◆ The problem
From first line to last, output the records below exactly.

Collected data:

------

(* In the rebuilding game described in the context, there is a deterministic strategy for the player that finishes all $T$ rounds with total time cost $O\!\left(\frac{C_rKd}{\gamma_g}(m+T)\right)$.
   Context: Parameters: integers $m>0$ and $d>0$, update frequency $0<\gamma_g<1$, rebuilding cost $C_r\ge1$, weight range $K\ge1$, size reduction parameter $k=m^{1/d}\ge2$, and an integer number of rounds $T>0$. The game is played between a player and an adversary in rounds $t=1,\ldots,T$; the player's moves (steps) are indexed $s=1,2,\ldots$, and each step $s$ has an associated tuple $\mathrm{prev}^{(s)}=(\mathrm{prev}^{(s)}_0,\ldots,\mathrm{prev}^{(s)}_d)\in[T]^{d+1}$, known to both; initially $\mathrm{prev}^{(1)}_i=1$ for all levels $i\in\{0,\ldots,d\}$. At the start of each round $t$: (1) the adversary chooses a positive real weight $W^{(t)}$ with $\log W^{(t)}\in(-K,K)$, hidden from the player; (2) while either $\sum_{i=0}^dW^{(\mathrm{prev}^{(s)}_i)}>2(d+1)W^{(t)}$, or for some level $l$ at least $\gamma_gm/k^l$ rounds have passed since level $l$ was last rebuilt, the adversary may (but need not) force the player to perform a fixing step; the player may also perform fixing steps voluntarily at any time. In a fixing step the player picks a level $i$, and sets $\mathrm{prev}^{(s+1)}_j=t$ for $j\in\{i,\ldots,d\}$ and $\mathrm{prev}^{(s+1)}_j=\mathrm{prev}^{(s)}_j$ for $j<i$ (a fix at level $i$, which rebuilds levels $j\ge i$); this step costs $C_rm/k^i$. (3) The round finishes when the player no longer performs fixing steps. The total time cost is the sum of the costs of all fixing steps plus $O(1)$ per round. *)

theory Defs
  imports Complex_Main
begin

text \<open>A fixing step is recorded as (round, level, forced?).\<close>
type_synonym step = "nat \<times> nat \<times> bool"

definition kpar :: "nat \<Rightarrow> nat \<Rightarrow> real" where
  "kpar m d = real m powr (1 / real d)"

text \<open>prev_j after the given history of fixing steps: the round of the last fix
  at a level i \<le> j (fix at level i rebuilds all levels j \<ge> i); initially 1.\<close>
definition prev_lvl :: "step list \<Rightarrow> nat \<Rightarrow> nat" where
  "prev_lvl h j = foldl (\<lambda>p (r, i, b). if i \<le> j then r else p) 1 h"

definition may_force ::
  "nat \<Rightarrow> nat \<Rightarrow> real \<Rightarrow> (nat \<Rightarrow> real) \<Rightarrow> nat \<Rightarrow> step list \<Rightarrow> bool" where
  "may_force m d \<gamma> W t h \<longleftrightarrow>
     (\<Sum>i\<le>d. W (prev_lvl h i)) > 2 * (real d + 1) * W t
   \<or> (\<exists>l\<le>d. real t - real (prev_lvl h l) \<ge> \<gamma> * real m / kpar m d ^ l)"

text \<open>One transition of the game from configuration (t, h): t is the current round
  (t > T means the game is over), h is the full history of fixing steps so far.
  vol t h: the player's voluntary decision (Some i = fix at level i, None = stop);
  frc t h: the level the player picks when forced; F t h: adversary wishes to force
  (effective only if may_force holds).\<close>
definition game_step ::
  "nat \<Rightarrow> nat \<Rightarrow> real \<Rightarrow> nat \<Rightarrow>
   (nat \<Rightarrow> step list \<Rightarrow> nat option) \<Rightarrow> (nat \<Rightarrow> step list \<Rightarrow> nat) \<Rightarrow>
   (nat \<Rightarrow> real) \<Rightarrow> (nat \<Rightarrow> step list \<Rightarrow> bool) \<Rightarrow>
   nat \<times> step list \<Rightarrow> nat \<times> step list" where
  "game_step m d \<gamma> T vol frc W F c =
     (case c of (t, h) \<Rightarrow>
       if T < t then (t, h)
       else (case vol t h of
               Some i \<Rightarrow> (t, h @ [(t, i, False)])
             | None \<Rightarrow> if F t h \<and> may_force m d \<gamma> W t h
                       then (t, h @ [(t, frc t h, True)])
                       else (Suc t, h)))"

definition game_config ::
  "nat \<Rightarrow> nat \<Rightarrow> real \<Rightarrow> nat \<Rightarrow>
   (nat \<Rightarrow> step list \<Rightarrow> nat option) \<Rightarrow> (nat \<Rightarrow> step list \<Rightarrow> nat) \<Rightarrow>
   (nat \<Rightarrow> real) \<Rightarrow> (nat \<Rightarrow> step list \<Rightarrow> bool) \<Rightarrow> nat \<Rightarrow> nat \<times> step list" where
  "game_config m d \<gamma> T vol frc W F n = (game_step m d \<gamma> T vol frc W F ^^ n) (1, [])"

definition fix_cost :: "nat \<Rightarrow> nat \<Rightarrow> real \<Rightarrow> step list \<Rightarrow> real" where
  "fix_cost m d Cr h = sum_list (map (\<lambda>(r, i, b). Cr * real m / kpar m d ^ i) h)"

end

theory Submission
  imports Defs
begin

------

◆ Exercise response
(* In the rebuilding game described in the context, there is a deterministic strategy for the player that finishes all $T$ rounds with total time cost $O\!\left(\frac{C_rKd}{\gamma_g}(m+T)\right)$.
   Context: Parameters: integers $m>0$ and $d>0$, update frequency $0<\gamma_g<1$, rebuilding cost $C_r\ge1$, weight range $K\ge1$, size reduction parameter $k=m^{1/d}\ge2$, and an integer number of rounds $T>0$. The game is played between a player and an adversary in rounds $t=1,\ldots,T$; the player's moves (steps) are indexed $s=1,2,\ldots$, and each step $s$ has an associated tuple $\mathrm{prev}^{(s)}=(\mathrm{prev}^{(s)}_0,\ldots,\mathrm{prev}^{(s)}_d)\in[T]^{d+1}$, known to both; initially $\mathrm{prev}^{(1)}_i=1$ for all levels $i\in\{0,\ldots,d\}$. At the start of each round $t$: (1) the adversary chooses a positive real weight $W^{(t)}$ with $\log W^{(t)}\in(-K,K)$, hidden from the player; (2) while either $\sum_{i=0}^dW^{(\mathrm{prev}^{(s)}_i)}>2(d+1)W^{(t)}$, or for some level $l$ at least $\gamma_gm/k^l$ rounds have passed since level $l$ was last rebuilt, the adversary may (but need not) force the player to perform a fixing step; the player may also perform fixing steps voluntarily at any time. In a fixing step the player picks a level $i$, and sets $\mathrm{prev}^{(s+1)}_j=t$ for $j\in\{i,\ldots,d\}$ and $\mathrm{prev}^{(s+1)}_j=\mathrm{prev}^{(s)}_j$ for $j<i$ (a fix at level $i$, which rebuilds levels $j\ge i$); this step costs $C_rm/k^i$. (3) The round finishes when the player no longer performs fixing steps. The total time cost is the sum of the costs of all fixing steps plus $O(1)$ per round. *)

theory Defs
  imports Complex_Main
begin

text \<open>A fixing step is recorded as (round, level, forced?).\<close>
type_synonym step = "nat \<times> nat \<times> bool"

definition kpar :: "nat \<Rightarrow> nat \<Rightarrow> real" where
  "kpar m d = real m powr (1 / real d)"

text \<open>prev_j after the given history of fixing steps: the round of the last fix
  at a level i \<le> j (fix at level i rebuilds all levels j \<ge> i); initially 1.\<close>
definition prev_lvl :: "step list \<Rightarrow> nat \<Rightarrow> nat" where
  "prev_lvl h j = foldl (\<lambda>p (r, i, b). if i \<le> j then r else p) 1 h"

definition may_force ::
  "nat \<Rightarrow> nat \<Rightarrow> real \<Rightarrow> (nat \<Rightarrow> real) \<Rightarrow> nat \<Rightarrow> step list \<Rightarrow> bool" where
  "may_force m d \<gamma> W t h \<longleftrightarrow>
     (\<Sum>i\<le>d. W (prev_lvl h i)) > 2 * (real d + 1) * W t
   \<or> (\<exists>l\<le>d. real t - real (prev_lvl h l) \<ge> \<gamma> * real m / kpar m d ^ l)"

text \<open>One transition of the game from configuration (t, h): t is the current round
  (t > T means the game is over), h is the full history of fixing steps so far.
  vol t h: the player's voluntary decision (Some i = fix at level i, None = stop);
  frc t h: the level the player picks when forced; F t h: adversary wishes to force
  (effective only if may_force holds).\<close>
definition game_step ::
  "nat \<Rightarrow> nat \<Rightarrow> real \<Rightarrow> nat \<Rightarrow>
   (nat \<Rightarrow> step list \<Rightarrow> nat option) \<Rightarrow> (nat \<Rightarrow> step list \<Rightarrow> nat) \<Rightarrow>
   (nat \<Rightarrow> real) \<Rightarrow> (nat \<Rightarrow> step list \<Rightarrow> bool) \<Rightarrow>
   nat \<times> step list \<Rightarrow> nat \<times> step list" where
  "game_step m d \<gamma> T vol frc W F c =
     (case c of (t, h) \<Rightarrow>
       if T < t then (t, h)
       else (case vol t h of
               Some i \<Rightarrow> (t, h @ [(t, i, False)])
             | None \<Rightarrow> if F t h \<and> may_force m d \<gamma> W t h
                       then (t, h @ [(t, frc t h, True)])
                       else (Suc t, h)))"

definition game_config ::
  "nat \<Rightarrow> nat \<Rightarrow> real \<Rightarrow> nat \<Rightarrow>
   (nat \<Rightarrow> step list \<Rightarrow> nat option) \<Rightarrow> (nat \<Rightarrow> step list \<Rightarrow> nat) \<Rightarrow>
   (nat \<Rightarrow> real) \<Rightarrow> (nat \<Rightarrow> step list \<Rightarrow> bool) \<Rightarrow> nat \<Rightarrow> nat \<times> step list" where
  "game_config m d \<gamma> T vol frc W F n = (game_step m d \<gamma> T vol frc W F ^^ n) (1, [])"

definition fix_cost :: "nat \<Rightarrow> nat \<Rightarrow> real \<Rightarrow> step list \<Rightarrow> real" where
  "fix_cost m d Cr h = sum_list (map (\<lambda>(r, i, b). Cr * real m / kpar m d ^ i) h)"

end

theory Submission
  imports Defs
begin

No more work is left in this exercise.